ACTION ITEM:
For this exercise, reproduce the entries below exactly, but only from the line containing "theory Defs" through the line containing "(let u = (SOME", both included.

EXCERPTED DATA:
(* Let $d\ge 2$ and let $P_n\subset\mathbb{R}^d$ be a $d$-dimensional simplicial polytope whose vertices $x_1,\dots,x_n$ all lie on $\partial B_2^d$. Let $F_j$, $j=1,\dots,m$, be the $(d-1)$-dimensional faces of $P_n$, $H_j$ the hyperplane containing $F_j$, $H_j^-$ the closed halfspace bounded by $H_j$ not containing $P_n$ (i.e. opposite to the halfspace $H_j^+$ containing $P_n$), and $h_j$ the height of the cap $B_2^d\cap H_j^-$. Let $\mathcal N$ be the set of indices $j$ with $$h_j\le \frac18\Big(\frac{\mathrm{vol}_{d-1}(\partial P_n)}{\mathrm{vol}_{d-1}(\partial B_2^d)}\cdot\frac1{4n}\Big)^{\frac2{d-1}}.$$ Then $$\mathrm{vol}_{d-1}\Big(\bigcup_{j\in\mathcal N}F_j\Big)\le\frac14\,\mathrm{vol}_{d-1}(\partial P_n).$$
   Context: $B_2^d$ is the closed Euclidean unit ball, $\partial B_2^d$ the unit sphere, $\mathrm{vol}_{d-1}$ the $(d-1)$-dimensional surface measure. The height of the cap $B_2^d\cap H_j^-$ is its width in the direction normal to $H_j$, i.e. the maximal distance from a point of $B_2^d\cap H_j^-$ to $H_j$. *)

theory Defs
  imports "HOL-Analysis.Analysis"
begin

text \<open>(d-1)-dimensional volume of a set F lying in an affine hyperplane:
  the d-dimensional Lebesgue measure of the right prism of height 1 over F
  in the direction of a unit normal u of the hyperplane.\<close>
definition flat_area :: "'a::euclidean_space set \<Rightarrow> real" where
  "flat_area F =
     (let u = (SOME u. norm u = 1 \<and> (\<forall>x\<in>F. \<forall>y\<in>F. u \<bullet> (x - y) = 0))
      in measure lebesgue {x + t *\<^sub>R u | x t. x \<in> F \<and> t \<in> {0..1}})"

definition polytope_surface_area :: "'a::euclidean_space set \<Rightarrow> real" where
  "polytope_surface_area P = (\<Sum>F\<in>{F. F facet_of P}. flat_area F)"

text \<open>Surface area of the unit sphere, defined as the Minkowski content of the unit ball.\<close>
definition sphere_area :: "'a::euclidean_space itself \<Rightarrow> real" where
  "sphere_area TYPE('a) =
     Lim (at_right 0) (\<lambda>e. (measure lebesgue (cball (0::'a) (1 + e)) - measure lebesgue (cball (0::'a) 1)) / e)"

definition outer_halfspace :: "'a::euclidean_space set \<Rightarrow> 'a set \<Rightarrow> 'a set" where
  "outer_halfspace P F = {x. \<exists>u b. u \<noteq> 0 \<and> affine hull F = {y. u \<bullet> y = b}
        \<and> P \<subseteq> {y. u \<bullet> y \<le> b} \<and> u \<bullet> x \<ge> b}"

definition cap_height :: "'a::euclidean_space set \<Rightarrow> 'a set \<Rightarrow> real" where
  "cap_height P F = Sup {infdist x (affine hull F) | x. x \<in> cball 0 1 \<inter> outer_halfspace P F}"

end

theory Submission
  imports Defs
begin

RESULT OF THE TASK:
theory Defs
  imports "HOL-Analysis.Analysis"
begin

text \<open>(d-1)-dimensional volume of a set F lying in an affine hyperplane:
  the d-dimensional Lebesgue measure of the right prism of height 1 over F
  in the direction of a unit normal u of the hyperplane.\<close>
definition flat_area :: "'a::euclidean_space set \<Rightarrow> real" where
  "flat_area F =
     (let u = (SOME u. norm u = 1 \<and> (\<forall>x\<in>F. \<forall>y\<in>F. u \<bullet> (x - y) = 0))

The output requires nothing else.